Tradewind’s expansion comes in a year that major mining companies, including Yamana Gold, Lucara Diamond, De Beers and Alrosa, have enthusiastically adopted blockchain solutions to simplify metals trading and supply chain transparency.

Lowe said that the “providence” aspect of blockchain – being able to tell exactly which company and which mine a dore bar came from – is of particular interest to mining companies right now.

“The mining community is very determined to come up with some sort of technical solution to the issues around supply chain,” Lowe said. “Everyone’s looking at it and very focused on it.”

He said Tradewind’s providence application will, when it’s launched, allow mining companies to differentiate their gold within the marketplace. The result will be that investors will be able to be more selective when they trade gold – not just purchasing dore bars, but making sure they come from certain companies that meet their ethical standards.

“That works at a retail level, and it works at a wholesale level,” Lowe said. “You’ll have big pools of responsible investing money that will want a responsible gold product, which they can’t get right now.”

He cited the example of large pension funds, which often hold gold assets as part of their total investments. “You’re starting to see now [those fund managers] being asked by the underlying pension holders, ‘are you investing responsibly?’ and they need to be able to say yes.”

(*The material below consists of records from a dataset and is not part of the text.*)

text \<open>Since the ideal has no terms of degree below two, the quadratic parts of the generators span
  the binomials.\<close>

lemma card_cut_binomials_le:
  fixes G :: "('v set set, 'k::field) mpoly set"
  assumes fin: "finite G" and gen: "gen_ideal partitions G = cut_ideal V E"
  shows "card (cut_binomials :: ('v set set, 'k) mpoly set) \<le> card G"
proof -
  interpret VS: vector_space "\<lambda>c (p :: ('v set set, 'k) mpoly). Poly_Mapping.single 0 c * p"
    by (rule mpoly_vector_space)
  have G_ideal: "g \<in> cut_ideal V E" if "g \<in> G" for g
    using gen_ideal_generator[OF fin that, of partitions] gen by simp
  have "cut_binomials \<subseteq> VS.span (homogeneous_component 2 ` G)"
  proof
    fix h :: "('v set set, 'k) mpoly" assume h: "h \<in> cut_binomials"
    then have "h \<in> gen_ideal partitions G"
      using gen cut_ideal_eq_binomial_ideal gen_ideal_generator[OF finite_cut_binomials] by blast
    then obtain c where c: "h = (\<Sum>g\<in>G. c g * g)" unfolding gen_ideal_def by blast
    have "h = homogeneous_component 2 h"
      using h cut_binomial_quadric unfolding cut_binomials_def quadric_def
      by (auto intro!: homogeneous_component_id[symmetric])
    also have "\<dots> = (\<Sum>g\<in>G. Poly_Mapping.single 0 (Poly_Mapping.lookup (c g) 0) * homogeneous_component 2 g)"
      unfolding c homogeneous_component_sum
      by (auto intro!: sum.cong homogeneous_component_mult_low cut_ideal_low_degree_vanish G_ideal)
    also have "\<dots> \<in> VS.span (homogeneous_component 2 ` G)"
      by (intro VS.span_sum VS.span_scale VS.span_base) simp
    finally show "h \<in> VS.span (homogeneous_component 2 ` G)" .
  qed
  moreover have "VS.independent (cut_binomials :: ('v set set, 'k) mpoly set)"
  proof (rule VS.independent_if_scalars_zero[OF finite_cut_binomials])
    fix a :: "('v set set, 'k) mpoly \<Rightarrow> 'k" and g
    assume "(\<Sum>h\<in>cut_binomials. Poly_Mapping.single 0 (a h) * h) = 0"
      "g \<in> (cut_binomials :: ('v set set, 'k) mpoly set)"
    then show "a g = 0" by (rule cut_binomials_linearly_independent)
  qed
  ultimately have "card (cut_binomials :: ('v set set, 'k) mpoly set) \<le> card (homogeneous_component 2 ` G)"
    using VS.independent_span_bound[OF finite_imageI[OF fin]] by simp
  also have "\<dots> \<le> card G"
    using fin by (rule card_image_le)
  finally show ?thesis .
qed

lemma card_incomparable_pairs:
  "card incomparable_pairs = 2 * card (cut_binomials :: ('v set set, 'k::comm_ring_1) mpoly set)"
proof -
  let ?f = "(\<lambda>(S, T). cut_binomial S T) :: _ \<Rightarrow> ('v set set, 'k) mpoly"
  have fibre: "{x \<in> incomparable_pairs. ?f x = ?f (S, T)} = {(S, T), (T, S)}"
    if ST: "(S, T) \<in> incomparable_pairs" for S T
  proof -
    have "(T, S) \<in> incomparable_pairs" using ST unfolding incomparable_pairs_def by auto
    then show ?thesis
      using ST cut_binomial_eq_iff[OF ST, where 'k = 'k] by auto
  qed
  have "card incomparable_pairs = (\<Sum>g\<in>cut_binomials. card {x \<in> incomparable_pairs. ?f x = g})"
    unfolding card_eq_sum cut_binomials_def by (rule sum.image_gen[OF finite_incomparable_pairs])
  also have "\<dots> = (\<Sum>g\<in>(cut_binomials :: ('v set set, 'k) mpoly set). 2)"
  proof (rule sum.cong[OF refl])
    fix g assume "g \<in> (cut_binomials :: ('v set set, 'k) mpoly set)"
    then obtain S T where ST: "(S, T) \<in> incomparable_pairs" "g = ?f (S, T)"
      unfolding cut_binomials_def by auto
    moreover have "S \<noteq> T" using ST unfolding incomparable_pairs_def by auto
    ultimately show "card {x \<in> incomparable_pairs. ?f x = g} = 2"
      using fibre by simp
  qed
  finally show ?thesis by simp
qed
lemma exp_pi_div_eq_1_iff:
  assumes "m > 0"
  shows "exp (\<i> * of_real (pi * of_int v / real m)) = 1 \<longleftrightarrow> 2 * int m dvd v"
proof
  assume "exp (\<i> * of_real (pi * of_int v / real m)) = 1"
  then obtain q :: int where "pi * of_int v / real m = 2 * pi * of_int q"
    unfolding exp_eq_1 by auto
  then have "real_of_int v = real_of_int (2 * int m * q)"
    using assms by (simp add: field_simps)
  then show "2 * int m dvd v" by (simp only: of_int_eq_iff) simp
next
  assume "2 * int m dvd v"
  then obtain q where "v = 2 * int m * q" by (elim dvdE)
  then have "\<i> * of_real (pi * of_int v / real m) = 2 * of_int q * pi * \<i>"
    using assms by (simp add: field_simps)
  then show "exp (\<i> * of_real (pi * of_int v / real m)) = 1"
    using exp_integer_2pi[of "of_int q"] by simp
qed

lemma sum_exp_pi_grid:
  assumes "m > 0"
  shows "(\<Sum>t\<in>{0..2 * int m - 1}. exp (\<i> * of_real (pi * of_int v * of_int t / real m)))
     = (if 2 * int m dvd v then of_nat (2 * m) else 0)"
proof -
  define z where "z = exp (\<i> * of_real (pi * of_int v / real m))"
  have pow: "exp (\<i> * of_real (pi * of_int v * of_int (int t) / real m)) = z ^ t" for t
    unfolding z_def exp_of_nat_mult[symmetric] by (simp add: field_simps)
  have "{0..2 * int m - 1} = int ` {..<2 * m}"
    by (auto simp: image_iff intro!: bexI[of _ "nat x" for x])
  then have "(\<Sum>t\<in>{0..2 * int m - 1}. exp (\<i> * of_real (pi * of_int v * of_int t / real m)))
      = (\<Sum>t<2 * m. z ^ t)"
    by (simp only: sum.reindex inj_on_of_nat o_def pow)
  also have "\<dots> = (if 2 * int m dvd v then of_nat (2 * m) else 0)"
  proof (rule trans[OF sum_powers_root_of_unity])
    have "z ^ (2 * m) = exp (\<i> * of_real (pi * of_int (2 * int m * v) / real m))"
      unfolding z_def exp_of_nat_mult[symmetric] by (simp add: field_simps)
    also have "\<dots> = 1" using assms by (subst exp_pi_div_eq_1_iff) auto
    finally show "z ^ (2 * m) = 1" .
  qed (simp only: z_def exp_pi_div_eq_1_iff[OF assms])
  finally show ?thesis .
qed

Tradewind is “fine-tuning” the providence application, Lowe said, and the company expects to have it available in the first quarter of 2019.

He said the company will be focusing on gold and silver in the near term, but the next jump may be to platinum group metals – and then, eventually, base metals.

“In a few years’ time could you easily put other commodities on [VaultChain]? Absolutely,” he said. “With base metals, it’s a very different business in terms of the way metal moves around, and the checks and balances involved in that. You could see blockchain being very helpful in the contract world.”